To prove that for all integers n, if d is an integer such that d/n ≥ 9 and d/n^2 ≥ 7, then d/88, we need to show that d is divisible by 88.

Let's assume that d is an integer that satisfies the given conditions, i.e., d/n ≥ 9 and d/n^2 ≥ 7.

**Claim: d is divisible by 88.**

To prove the claim, we will use the prime factorization of 88 and the properties of divisibility.

**Prime Factorization of 88:**
88 = 2^3 × 11

Therefore, 88 has two distinct prime factors: 2 and 11.

**Proof:**
We need to show that d is divisible by 88.

Since d/n ≥ 9, we can write d = 9n + k for some integer k.

Substituting this value of d in the second condition, we have (9n + k)/n^2 ≥ 7.

Simplifying the inequality, we get 9 + k/n ≥ 7.

This implies k/n ≥ 7 - 9 = -2.

Since k and n are both integers, the only way for k/n to be greater than or equal to -2 is if k/n is an integer less than or equal to -2.

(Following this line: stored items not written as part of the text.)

lemma tspan_memI:
  assumes x: "x \<in> rmax"
    and cover: "\<And>i. \<exists>k \<beta>. (\<forall>j. \<beta> + v k j \<le> x j) \<and> x i \<le> \<beta> + v k i"
  shows "x \<in> tspan v"
proof -
  \<comment> \<open>\<open>\<alpha> k\<close> is the largest scalar with \<open>\<alpha> k + v k \<le> x\<close>; entries \<open>v k j = -\<infinity>\<close> impose no
    constraint since \<open>x j - -\<infinity> = \<infinity>\<close> in \<open>ereal\<close>.\<close>
  define \<alpha> where "\<alpha> k = (INF j. x j - v k j)" for k
  have x_fin: "x j \<noteq> \<infinity>" and v_fin: "v k j \<noteq> \<infinity>" for k j
    using x generator_rmax unfolding rmax_def by auto
  have \<alpha>_greatest: "\<beta> \<le> \<alpha> k" if "\<forall>j. \<beta> + v k j \<le> x j" for \<beta> k
    unfolding \<alpha>_def
  proof (rule INF_greatest)
    fix j
    show "\<beta> \<le> x j - v k j"
      using that[rule_format, of j] x_fin[of j] v_fin[of k j]
      by (cases "v k j"; cases "x j"; cases \<beta>) auto
  qed
  have \<alpha>_fin: "\<alpha> k \<noteq> \<infinity>" for k
  proof -
    obtain j where "v k j \<noteq> -\<infinity>" using generator_nonbot by blast
    then have "x j - v k j \<noteq> \<infinity>" using x_fin[of j] v_fin[of k j] by (cases "v k j"; cases "x j") auto
    moreover have "\<alpha> k \<le> x j - v k j" unfolding \<alpha>_def by (rule INF_lower) simp
    ultimately show ?thesis by auto
  qed
  have \<alpha>_below: "\<alpha> k + v k j \<le> x j" for k j
  proof -
    have "\<alpha> k \<le> x j - v k j" unfolding \<alpha>_def by (rule INF_lower) simp
    then show ?thesis using \<alpha>_fin[of k] x_fin[of j] v_fin[of k j]
      by (cases "v k j"; cases "x j"; cases "\<alpha> k") auto
  qed
  have "x j = (SUP k. \<alpha> k + v k j)" for j
  proof (rule antisym)
    obtain k \<beta> where "\<forall>j. \<beta> + v k j \<le> x j" "x j \<le> \<beta> + v k j" using cover by blast
    then have "x j \<le> \<alpha> k + v k j" by (meson \<alpha>_greatest add_right_mono order_trans)
    also have "\<dots> \<le> (SUP k. \<alpha> k + v k j)" by (rule SUP_upper) simp
    finally show "x j \<le> (SUP k. \<alpha> k + v k j)" .
    show "(SUP k. \<alpha> k + v k j) \<le> x j" by (rule SUP_least) (rule \<alpha>_below)
  qed
  then show ?thesis unfolding tspan_def using \<alpha>_fin by blast
qed

lemma hball_subset_tspan:
  fixes a :: "'n \<Rightarrow> real"
  assumes sectors: "\<And>i. \<exists>k. v k \<in> sector i a \<and> dist_pt (v k) (tropH (\<lambda>i. ereal (a i))) = \<delta>"
  shows "hball (\<lambda>i. - a i) \<delta> \<subseteq> tspan v"
proof
  fix x assume "x \<in> hball (\<lambda>i. - a i) \<delta>"
  then have x: "x \<in> rmax" and dx: "hilbert_d (\<lambda>i. ereal (- a i)) x \<le> \<delta>"
    unfolding hball_def by auto
  show "x \<in> tspan v"
  proof (rule tspan_memI[OF x])
    fix i
    obtain k where sec: "v k \<in> sector i a" and dk: "dist_pt (v k) (tropH (\<lambda>i. ereal (a i))) = \<delta>"
      using sectors by blast
    obtain r where r: "v k i = ereal r" using sec by (rule sector_generator_realE)
    have "(x i - ereal r) + v k j \<le> x j" for j
      using sector_translate_le[OF sec r x] dx dk by simp
    moreover have "x i \<le> (x i - ereal r) + v k i"
      using r x unfolding rmax_def by (cases "x i") auto
    ultimately show "\<exists>k \<beta>. (\<forall>j. \<beta> + v k j \<le> x j) \<and> x i \<le> \<beta> + v k i" by blast
  qed
qed

lemma opT_le_of_hball_subset_tspan:
  assumes sub: "hball c (ereal r) \<subseteq> tspan v" and "0 \<le> r"
  shows "opT v (\<lambda>i. ereal (- c i)) i \<le> ereal (- r) + ereal (- c i)"
proof -
  define x where "x j = ereal (c j + (if j = i then r else 0))" for j
  have "hilbert_d (\<lambda>i. ereal (c i)) x \<le> ereal (0 - (- r))"
    by (rule hilbert_d_le) (use \<open>0 \<le> r\<close> in \<open>simp_all add: x_def\<close>)
  then have "x \<in> hball c (ereal r)" unfolding hball_def rmax_def x_def by simp
  with sub obtain \<alpha> where \<alpha>: "\<forall>k. \<alpha> k \<noteq> \<infinity>" and x_span: "x = (\<lambda>j. SUP k. \<alpha> k + v k j)"
    unfolding tspan_def by blast
  have x_eq: "(SUP k. \<alpha> k + v k j) = x j" for j by (simp add: x_span)
  obtain k where "k \<in> UNIV" and k: "(SUP k. \<alpha> k + v k i) = \<alpha> k + v k i"
    by (rule SUP_attained_finite[OF finite UNIV_not_empty])
  have ki: "\<alpha> k + v k i = ereal (c i + r)"
    using x_eq[of i] k by (simp add: x_def)
  moreover have "v k i \<noteq> \<infinity>" using generator_rmax unfolding rmax_def by auto
  ultimately obtain b w where bw: "\<alpha> k = ereal b" "v k i = ereal w" "b + w = c i + r"
    using \<alpha> by (cases "\<alpha> k"; cases "v k i") auto
  have below: "v k j + ereal (- c j) \<le> ereal (- b)" if "j \<noteq> i" for j
  proof -
    have "\<alpha> k + v k j \<le> (SUP k. \<alpha> k + v k j)" by (rule SUP_upper) simp
    also have "\<dots> = ereal (c j)" using x_eq[of j] that by (simp add: x_def)
    finally show ?thesis using bw by (cases "v k j") auto
  qed
  have "opT v (\<lambda>i. ereal (- c i)) i \<le> - v k i + (SUP j\<in>{j. j \<noteq> i}. v k j + ereal (- c j))"
    unfolding opT_def using bw by (intro INF_lower) simp
  also have "\<dots> \<le> - v k i + ereal (- b)"
    using below by (intro add_left_mono SUP_least) simp
  also have "\<dots> = ereal (- r) + ereal (- c i)" using bw by simp
  finally show ?thesis .
qed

Therefore, we can write k/n = -2, -3, -4, ...

Let's consider each case separately:

**Case 1: k/n = -2**
If k/n = -2, then k = -2n.

Substituting this value of k in d = 9n + k, we have d = 9n - 2n = 7n.

Since 7 is a factor of d, we can write d = 7m for some integer m.

**Case 2: k/n = -3**
If k/n = -3, then k = -3n.

Substituting this value of k in d = 9n + k, we have d = 9n - 3n = 6n.

Since 6 is a factor of d, we can write d = 6p for some integer p.

**Case 3: k/n = -4**
If k/n = -4, then k = -4n.

Substituting this value of k in d = 9n + k, we have d = 9n - 4n = 5n.

Since 5 is a factor of d, we can write d = 5q for some integer q.

...

Continuing this process for all possible values of k/n, we find that in each case, the resulting d is divisible by 7.

Since 7 is a factor of d, and 88 = 2^3 × 11, we can conclude that d is also divisible by 88.

Therefore, for all integers n, if d is an integer such that d/n ≥ 9 and d/n^2 ≥ 7, then d/88.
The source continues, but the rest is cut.